The patient was successfully treated with percutaneous transcatheter coil embolotherapy (PTCE) and resection of the necrotic bowel. He was discharged from the hospital and was transferred to a rehabilitation facility and then to home.
Splanchnic vasculature aneurysms are uncommon surgical entities with a risk for rupture and life-threatening complications due to their elusive clinical presentation. Although treatment is proposed for both symptomatic and asymptomatic VAAs due to the unpredictable nature of aneurysm rupture, the approach to symptomatic and asymptomatic aneurysm is different (7, 8, 33).
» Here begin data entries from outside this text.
(* In the binary setting below, with $\mathrm{CL}_{\mathrm{induced}}:=-\mathbb{E}[\mathrm{Var}(S-C\mid S_B)]$ and $\mathrm{GL}_{\mathrm{induced}}:=\mathbb{E}[\mathrm{Var}(C\mid S_B)]$, $$-\mathbb{E}\Big[\sqrt{\mathrm{Var}(S\mid S_B)}\big(2\sqrt{C_B(1-C_B)}+\sqrt{\mathrm{Var}(S\mid S_B)}\big)\Big]\le\mathrm{CL}_{\mathrm{induced}}+\mathrm{GL}_{\mathrm{induced}}\le\mathbb{E}\Big[\sqrt{\mathrm{Var}(S\mid S_B)}\big(2\sqrt{C_B(1-C_B)}-\sqrt{\mathrm{Var}(S\mid S_B)}\big)\Big].$$ With $N$ equal-width bins, $$-\tfrac1N\mathbb{E}\big[\sqrt{C_B(1-C_B)}\big]-\tfrac{1}{4N^2}\le\mathrm{CL}_{\mathrm{induced}}+\mathrm{GL}_{\mathrm{induced}}\le\tfrac1N\mathbb{E}\big[\sqrt{C_B(1-C_B)}\big].$$
   Context: Binary setting: $(X,Y)$ jointly distributed with $Y\in\{0,1\}$; $Q:=P(Y=1\mid X)$; $S=f(X)\in[0,1]$ is a classifier's confidence for the positive class; $C:=\mathbb{E}[Q\mid S]$. Given a partition of $[0,1]$ into interval bins $\mathcal{B}_j$, $S_B$ equals $\mathbb{E}[S\mid S\in\mathcal{B}_j]$ on $\{S\in\mathcal{B}_j\}$, and $C_B:=\mathbb{E}[Q\mid S_B]=\mathbb{E}[C\mid S_B]$. $\mathrm{Var}(\cdot\mid S_B)$ is the ordinary conditional variance. "$N$ equal-width bins" means the bins are the intervals of length $1/N$ partitioning $[0,1]$. *)

theory Defs
  imports "HOL-Probability.Probability"
begin

definition gen_sigma :: "'a measure \<Rightarrow> ('a \<Rightarrow> real) \<Rightarrow> 'a measure" where
  "gen_sigma M Z = vimage_algebra (space M) Z borel"

definition cond_var :: "'a measure \<Rightarrow> 'a measure \<Rightarrow> ('a \<Rightarrow> real) \<Rightarrow> ('a \<Rightarrow> real)" where
  "cond_var M F Z = real_cond_exp M F (\<lambda>w. (Z w - real_cond_exp M F Z w)\<^sup>2)"

definition bin_partition :: "real set set \<Rightarrow> bool" where
  "bin_partition \<B> \<longleftrightarrow> finite \<B> \<and> (\<forall>B\<in>\<B>. is_interval B \<and> B \<noteq> {}) \<and>
     disjoint \<B> \<and> \<Union>\<B> = {0..1}"

definition bin_mean :: "'a measure \<Rightarrow> ('a \<Rightarrow> real) \<Rightarrow> real set \<Rightarrow> real" where
  "bin_mean M S B = (LINT w:(S -` B \<inter> space M)|M. S w) / measure M (S -` B \<inter> space M)"

definition binned :: "'a measure \<Rightarrow> real set set \<Rightarrow> ('a \<Rightarrow> real) \<Rightarrow> 'a \<Rightarrow> real" where
  "binned M \<B> S w = bin_mean M S (THE B. B \<in> \<B> \<and> S w \<in> B)"

end

(*
  Let G be the sigma-algebra generated by S_B, V = Var(S | G) and K = Cov(S, C | G).
  Expanding Var(S - C | G) gives CL_induced + GL_induced = E[2 K - V].  By the conditional
  Cauchy-Schwarz inequality K^2 <= V Var(C | G), and as C takes values in [0,1],
  Var(C | G) <= E[C | G] (1 - E[C | G]) = C_B (1 - C_B), using the tower property for
  sigma(S_B) <= sigma(S).  So |K| <= sqrt V sqrt (C_B (1 - C_B)), which bounds 2 K - V
  pointwise.  For N equal-width bins, S is within 1/(2N) of the midpoint of its bin, and this
  midpoint is a function of S_B because almost surely S_B lies in the same bin as S; hence
  V <= 1/(4 N^2).
*)
theory Submission
  imports Defs
begin

(* Only rational t: the conditional Cauchy-Schwarz inequality below holds almost surely
   for each fixed t, and only countably many exceptional null sets can be discarded. *)
lemma sq_le_mult_if_quadratic_nonneg_on_Rats:
  fixes a k v :: real
  assumes nonneg: "\<forall>t\<in>\<rat>. 0 \<le> a + 2 * t * k + t\<^sup>2 * v" and "0 \<le> v"
  shows "k\<^sup>2 \<le> a * v"
proof -
  have "closure \<rat> \<subseteq> {t. 0 \<le> a + 2 * t * k + t\<^sup>2 * v}"
    by (intro closure_minimal closed_Collect_le continuous_intros) (use nonneg in auto)
  then have quadratic_nonneg: "0 \<le> a + 2 * t * k + t\<^sup>2 * v" for t
    using Rats_closure_real by auto
  show ?thesis
  proof (cases "v = 0")
    case True
    have "k = 0"
    proof (rule ccontr)
      assume "k \<noteq> 0"
      then show False
        using quadratic_nonneg[of "- (a + 1) / (2 * k)"] True by (simp add: field_simps)
    qed
    with True show ?thesis by simp
  next
    case False
    with \<open>0 \<le> v\<close> have "0 < v" by simp
    have "0 \<le> a + 2 * (- k / v) * k + (- k / v)\<^sup>2 * v" by (rule quadratic_nonneg)
    also have "\<dots> = a - k\<^sup>2 / v"
      using \<open>0 < v\<close> by (simp add: field_simps power2_eq_square)
    finally show ?thesis
      using \<open>0 < v\<close> by (simp add: field_simps)
  qed
qed

lemma two_mul_minus_bounds:
  fixes k v s :: real
  assumes "\<bar>k\<bar> \<le> sqrt v * s" and "0 \<le> v"
  shows "- (sqrt v * (2 * s + sqrt v)) \<le> 2 * k - v" and "2 * k - v \<le> sqrt v * (2 * s - sqrt v)"
proof -
  have "v = sqrt v * sqrt v"
    using \<open>0 \<le> v\<close> by simp
  with assms(1) show "- (sqrt v * (2 * s + sqrt v)) \<le> 2 * k - v" "2 * k - v \<le> sqrt v * (2 * s - sqrt v)"
    by (auto simp: algebra_simps abs_le_iff)
qed

lemma two_mul_minus_bounds_of_le_sq:
  fixes k v s d :: real
  assumes "\<bar>k\<bar> \<le> sqrt v * s" and "0 \<le> v" "v \<le> d\<^sup>2" "0 \<le> s" "0 \<le> d"
  shows "- (2 * d * s) - d\<^sup>2 \<le> 2 * k - v" and "2 * k - v \<le> 2 * d * s"
proof -
  have "sqrt v \<le> d"
    using real_sqrt_le_mono[OF \<open>v \<le> d\<^sup>2\<close>] \<open>0 \<le> d\<close> by simp
  then have "sqrt v * s \<le> d * s"
    using \<open>0 \<le> s\<close> by (rule mult_right_mono)
  with assms show "- (2 * d * s) - d\<^sup>2 \<le> 2 * k - v" "2 * k - v \<le> 2 * d * s"
    by (auto simp: abs_le_iff)
qed

lemma (in finite_measure) integrable_mult_of_AE_bounded:
  fixes f g :: "'a \<Rightarrow> real"
  assumes [measurable]: "f \<in> borel_measurable M" "g \<in> borel_measurable M"
    and "AE x in M. \<bar>f x\<bar> \<le> a" and "AE x in M. \<bar>g x\<bar> \<le> b"
  shows "integrable M (\<lambda>x. f x * g x)"
proof (rule integrable_const_bound[where B = "a * b"])
  show "AE x in M. norm (f x * g x) \<le> a * b"
    using assms(3,4) by eventually_elim (auto simp: abs_mult intro: mult_mono)
qed simp

definition cond_cov :: "'a measure \<Rightarrow> 'a measure \<Rightarrow> ('a \<Rightarrow> real) \<Rightarrow> ('a \<Rightarrow> real) \<Rightarrow> 'a \<Rightarrow> real"
  where "cond_cov M F X Y =
    real_cond_exp M F (\<lambda>w. (X w - real_cond_exp M F X w) * (Y w - real_cond_exp M F Y w))"

lemma cond_var_eq_cond_cov: "cond_var M F X = cond_cov M F X X"
  unfolding cond_var_def cond_cov_def power2_eq_square ..

context finite_measure_subalgebra
begin

lemma real_cond_exp_between:
  assumes "integrable M f" and "AE x in M. a \<le> f x \<and> f x \<le> b"
  shows "AE x in M. a \<le> real_cond_exp M F f x \<and> real_cond_exp M F f x \<le> b"
  using real_cond_exp_ge_c[OF assms(1), of a] real_cond_exp_le_c[OF assms(1), of b] assms(2)
  by auto

lemma real_cond_exp_cauchy_schwarz:
  assumes [measurable]: "f \<in> borel_measurable M" "g \<in> borel_measurable M"
    and "integrable M (\<lambda>x. (f x)\<^sup>2)" "integrable M (\<lambda>x. (g x)\<^sup>2)" "integrable M (\<lambda>x. f x * g x)"
  shows "AE x in M. (real_cond_exp M F (\<lambda>x. f x * g x) x)\<^sup>2
    \<le> real_cond_exp M F (\<lambda>x. (f x)\<^sup>2) x * real_cond_exp M F (\<lambda>x. (g x)\<^sup>2) x"
proof -
  have "AE x in M. 0 \<le> real_cond_exp M F (\<lambda>x. (f x)\<^sup>2) x
      + 2 * t * real_cond_exp M F (\<lambda>x. f x * g x) x + t\<^sup>2 * real_cond_exp M F (\<lambda>x. (g x)\<^sup>2) x"
    for t :: real
  proof -
    have square: "(\<lambda>x. (f x + t * g x)\<^sup>2) = (\<lambda>x. (f x)\<^sup>2 + ((2 * t) * (f x * g x) + t\<^sup>2 * (g x)\<^sup>2))"
      by (auto simp: power2_sum algebra_simps)
    have int_fg: "integrable M (\<lambda>x. (2 * t) * (f x * g x))" and int_g: "integrable M (\<lambda>x. t\<^sup>2 * (g x)\<^sup>2)"
      using assms(4,5) by simp_all
    have "AE x in M. 0 \<le> real_cond_exp M F (\<lambda>x. (f x + t * g x)\<^sup>2) x"
      by (intro real_cond_exp_pos) auto
    moreover have "AE x in M. real_cond_exp M F (\<lambda>x. (f x)\<^sup>2 + ((2 * t) * (f x * g x) + t\<^sup>2 * (g x)\<^sup>2)) x
        = real_cond_exp M F (\<lambda>x. (f x)\<^sup>2) x + real_cond_exp M F (\<lambda>x. (2 * t) * (f x * g x) + t\<^sup>2 * (g x)\<^sup>2) x"
      using int_fg int_g by (intro real_cond_exp_add assms(3)) simp
    moreover have "AE x in M. real_cond_exp M F (\<lambda>x. (2 * t) * (f x * g x) + t\<^sup>2 * (g x)\<^sup>2) x
        = real_cond_exp M F (\<lambda>x. (2 * t) * (f x * g x)) x + real_cond_exp M F (\<lambda>x. t\<^sup>2 * (g x)\<^sup>2) x"
      by (rule real_cond_exp_add[OF int_fg int_g])
    moreover have "AE x in M. real_cond_exp M F (\<lambda>x. (2 * t) * (f x * g x)) x
        = 2 * t * real_cond_exp M F (\<lambda>x. f x * g x) x"
      by (rule real_cond_exp_cmult[OF assms(5)])
    moreover have "AE x in M. real_cond_exp M F (\<lambda>x. t\<^sup>2 * (g x)\<^sup>2) x
        = t\<^sup>2 * real_cond_exp M F (\<lambda>x. (g x)\<^sup>2) x"
      by (rule real_cond_exp_cmult[OF assms(4)])
    ultimately show ?thesis
      unfolding square by eventually_elim simp
  qed
  then have "AE x in M. \<forall>t\<in>\<rat>. 0 \<le> real_cond_exp M F (\<lambda>x. (f x)\<^sup>2) x
      + 2 * t * real_cond_exp M F (\<lambda>x. f x * g x) x + t\<^sup>2 * real_cond_exp M F (\<lambda>x. (g x)\<^sup>2) x"
    by (subst AE_ball_countable[OF countable_rat]) auto
  moreover have "AE x in M. 0 \<le> real_cond_exp M F (\<lambda>x. (g x)\<^sup>2) x"
    by (intro real_cond_exp_pos) auto
  ultimately show ?thesis
    by eventually_elim (rule sq_le_mult_if_quadratic_nonneg_on_Rats)
qed

lemma AE_abs_centered_le:
  assumes [measurable]: "X \<in> borel_measurable M" and "AE w in M. \<bar>X w\<bar> \<le> c"
  shows "AE w in M. \<bar>X w - real_cond_exp M F X w\<bar> \<le> 2 * c"
proof -
  have "integrable M X"
    using assms(2) by (intro integrable_const_bound[where B = c]) auto
  then have "AE w in M. - c \<le> real_cond_exp M F X w \<and> real_cond_exp M F X w \<le> c"
    using assms(2) by (intro real_cond_exp_between) auto
  with assms(2) show ?thesis
    by eventually_elim auto
qed

lemma cond_var_nonneg:
  assumes [measurable]: "X \<in> borel_measurable M"
  shows "AE w in M. 0 \<le> cond_var M F X w"
  unfolding cond_var_def by (intro real_cond_exp_pos) auto

lemma integrable_centered_mult:
  assumes [measurable]: "X \<in> borel_measurable M" "Y \<in> borel_measurable M"
    and "AE w in M. \<bar>X w\<bar> \<le> c" "AE w in M. \<bar>Y w\<bar> \<le> c"
  shows "integrable M (\<lambda>w. (X w - real_cond_exp M F X w) * (Y w - real_cond_exp M F Y w))"
  using AE_abs_centered_le[OF assms(1,3)] AE_abs_centered_le[OF assms(2,4)]
  by (intro integrable_mult_of_AE_bounded) auto

lemma integrable_cond_cov:
  assumes "X \<in> borel_measurable M" "Y \<in> borel_measurable M"
    and "AE w in M. \<bar>X w\<bar> \<le> c" "AE w in M. \<bar>Y w\<bar> \<le> c"
  shows "integrable M (cond_cov M F X Y)"
  unfolding cond_cov_def using integrable_centered_mult[OF assms] by (rule real_cond_exp_int(1))

lemma integral_cond_cov:
  assumes "X \<in> borel_measurable M" "Y \<in> borel_measurable M"
    and "AE w in M. \<bar>X w\<bar> \<le> c" "AE w in M. \<bar>Y w\<bar> \<le> c"
  shows "(\<integral>w. cond_cov M F X Y w \<partial>M)
    = (\<integral>w. (X w - real_cond_exp M F X w) * (Y w - real_cond_exp M F Y w) \<partial>M)"
  unfolding cond_cov_def using integrable_centered_mult[OF assms] by (rule real_cond_exp_int(2))

lemma cond_cov_square_le:
  assumes "X \<in> borel_measurable M" "Y \<in> borel_measurable M"
    and "AE w in M. \<bar>X w\<bar> \<le> c" "AE w in M. \<bar>Y w\<bar> \<le> c"
  shows "AE w in M. (cond_cov M F X Y w)\<^sup>2 \<le> cond_var M F X w * cond_var M F Y w"
  using real_cond_exp_cauchy_schwarz[of "\<lambda>w. X w - real_cond_exp M F X w" "\<lambda>w. Y w - real_cond_exp M F Y w"]
    integrable_centered_mult[OF assms] integrable_centered_mult[OF assms(1,1,3,3)]
    integrable_centered_mult[OF assms(2,2,4,4)] assms(1,2)
  unfolding cond_cov_def cond_var_def power2_eq_square by simp
lemma revenue_two_bidders_eq_expectation_min_bid:
  fixes v :: "'n::finite vec"
  assumes two: "CARD('n) = 2" and v: "\<forall>j. 0 \<le> v j"
    and info: "info_structure G x" and cal: "calibrated x" and ind: "independent_is x"
  shows "revenue v x = measure_pmf.expectation x (\<lambda>(r, s). Min (range (\<lambda>j. v j * s j)))"
proof -
  have fin: "finite (set_pmf x)" using info by (simp add: info_structure_def)
  have "revenue v x = measure_pmf.expectation x (\<lambda>(r, s). outcome_revenue v s s)"
    by (rule revenue_calibrated_independent[OF fin cal ind])
  also have "\<dots> = measure_pmf.expectation x (\<lambda>(r, s). Min (range (\<lambda>j. v j * s j)))"
  proof (intro integral_cong_AE AE_pmfI)
    fix p assume "p \<in> set_pmf x"
    then have "\<forall>j. 0 \<le> snd p j" using info by (auto simp: info_structure_def in_unit_cube_def)
    then show "(case p of (r, s) \<Rightarrow> outcome_revenue v s s) = (case p of (r, s) \<Rightarrow> Min (range (\<lambda>j. v j * s j)))"
      using outcome_revenue_diagonal_two_bidders[OF two v] by (simp add: case_prod_beta)
  qed simp_all
  finally show ?thesis .
qed

theorem mainTheorem1:
  fixes v :: "'n::finite \<Rightarrow> real"
    and G :: "('n \<Rightarrow> real) pmf"
    and x :: "(('n \<Rightarrow> real) \<times> ('n \<Rightarrow> real)) pmf"
  assumes two_bidders: "CARD('n) = 2"
    and v_nonneg: "\<forall>i. 0 \<le> v i"
    and prior: "is_prior G"
    and info: "info_structure G x"
    and cal: "calibrated x"
    and ind: "independent_is x"
  shows "revenue v x \<le> Min (range (\<lambda>i. v i * measure_pmf.expectation G (\<lambda>r. r i)))
       \<and> revenue v (no_disclosure G) = Min (range (\<lambda>i. v i * measure_pmf.expectation G (\<lambda>r. r i)))
       \<and> revenue v x \<le> revenue v (no_disclosure G)"
proof -
  define m where "m = (\<lambda>i. measure_pmf.expectation G (\<lambda>r. r i))"
  have fin: "finite (set_pmf x)" using info by (simp add: info_structure_def)
  have "revenue v x \<le> v i * m i" for i
  proof -
    have "revenue v x \<le> measure_pmf.expectation x (\<lambda>(r, s). v i * s i)"
      unfolding revenue_two_bidders_eq_expectation_min_bid[OF two_bidders v_nonneg info cal ind]
      by (intro integral_mono integrable_measure_pmf_finite[OF fin]) (auto intro: Min_le)
    also have "\<dots> = v i * m i"
      using expectation_signal_eq_prior_mean[OF info cal ind, of i] by (simp add: split_beta' m_def)
    finally show ?thesis .
  qed
  then have bound: "revenue v x \<le> Min (range (\<lambda>i. v i * m i))"
    by (intro Min.boundedI) auto
  have "\<forall>i. 0 \<le> m i"
    using prior by (auto simp: m_def is_prior_def in_unit_cube_def intro!: integral_nonneg_AE AE_pmfI)
  then have no_disclosure: "revenue v (no_disclosure G) = Min (range (\<lambda>i. v i * m i))"
    using prior revenue_no_disclosure[OF _ m_def] outcome_revenue_diagonal_two_bidders[OF two_bidders v_nonneg]
    by (simp add: is_prior_def)
  show ?thesis using bound no_disclosure by (simp add: m_def)
qed

end
(* Fix $\varepsilon\in(0,\nu_* )$ and $\xi\in\mathbb R$, let $r^\varepsilon(\cdot,\xi)\in C^1([\varepsilon,\nu_*])$ be real-valued, and let $h^\varepsilon(\cdot,\xi)\in C^2([\varepsilon,\nu_*])$ be the unique solution of $$h^\varepsilon_{\nu\nu}+k'(\nu)^2\xi^2h^\varepsilon=r^\varepsilon\ \text{ on }[\varepsilon,\nu_*],\qquad h^\varepsilon(\varepsilon,\xi)=h^\varepsilon_\nu(\varepsilon,\xi)=0.$$ Then there exists $C>0$ independent of $(\varepsilon,\xi,r^\varepsilon)$ such that, for $\nu\in[\varepsilon,\nu_*]$ and $\xi\neq0$, $$h^\varepsilon_\nu(\nu,\xi)^2+k'(\nu)^2\xi^2h^\varepsilon(\nu,\xi)^2\le C\sum_{j=1}^3I_j^\varepsilon(\nu,\xi),$$ where $I_1^\varepsilon=k'(\nu)^{-2}\xi^{-2}r^\varepsilon(\nu,\xi)^2$, $I_2^\varepsilon=\xi^{-2}\int_\varepsilon^\nu k'(\tau)^{-2}r^\varepsilon(\tau,\xi)^2d\tau$, $I_3^\varepsilon=\xi^{-2}\int_\varepsilon^\nu\frac{r^\varepsilon_\nu(\tau,\xi)^2}{|k'(\tau)k''(\tau)|+k'(\tau)^2}d\tau$. In addition, for every $\xi\in\mathbb R$ and $\nu\in[\varepsilon,\nu_*]$, $$h^\varepsilon_\nu(\nu,\xi)^2+k'(\nu)^2\xi^2h^\varepsilon(\nu,\xi)^2\le C\,\nu\int_\varepsilon^\nu r^\varepsilon(\tau,\xi)^2d\tau,$$ with $C>0$ independent of $(\varepsilon,\xi,r^\varepsilon)$.
   Context: Standing setting ($\gamma=3$): $\varrho(\nu)$ is the inverse of $\nu(\varrho)=\int_0^\varrho\frac{\tau^2}{1-\tau^2}d\tau$, $\nu_{\rm cr}=\nu(1/\sqrt2)$, and $k$ is defined on $[0,\nu_{\rm cr}]$ by $k(0)=0$, $k'(\nu)=\sqrt{1-2\varrho(\nu)^2}/\varrho(\nu)^2$. In particular $k'>0$ and $k''<0$ on $(0,\nu_{\rm cr})$. $\nu_*\in(0,\nu_{\rm cr})$ is fixed. *)

theory Defs
  imports "HOL-Analysis.Analysis"
begin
Treatment is indicated for asymptomatic VAAs with the exception of splenic artery aneurysm which are treated only when the diameter is larger than 2.5cm or when they occur in women of childbearing age or pregnant patients (34)
The gold standard for treatment of VAAs is surgery (35-37); however, endovascular techniques such as the PTCE have now become the mainstay of VAA management. Embolization has become the method of choice for symptomatic or ruptured VAAs (38-41), and the first line of therapy in an emergency setting with rare fatalities and complications (40-42). It is a safer alternative to open surgical management of VAAs which are associated with a high operative mortality; 36% for splenic artery aneurysms (41, 43) and 21% for hepatic artery aneurysms (44). Similarly, the operative mortality for pseudoaneurysm is 30%-50% (18)
Some of the factors leading to poor outcome of VAAs include location of the aneurysm, general health status of the patients, systemic risk factors, and difficulty with surgical exposure. Although, percutaneous techniques have become very popular in the management of VAAs due to their low risk involvement, it has a few disadvantages such as sepsis due to the presence of a foreign body or the embolization coils. However, success rates for PTCE have been reported to be as high as 80%. (18)
In our patient, selective catheterization and microcoil embolization for the aneurysm was carried out using the femoral artery percutaneous cannulation guided with mesenteric angiography. The feeding vessels were selectively embolized using microcoils from the SMA.
The high morbidity and mortality from acute hemorrhage of ruptured VAA aneurysms emphasizes the importance of early diagnosis and endovascular management of VAAs. Though prognosis of VAA depends on the aneurysm location, co-morbidity factors, and the hemodynamic stability of the patients, mortality rates still remain high for ruptured PDA and SMA aneurysms, especially after treatment (11-12, 45)
Endovascular management of VAAs has shown a more favorable prognosis than open surgical repair of VAAs. PTCE is an attractive therapeutic modality that has not only shown to be safer than open surgical repair but has also achieved promising results.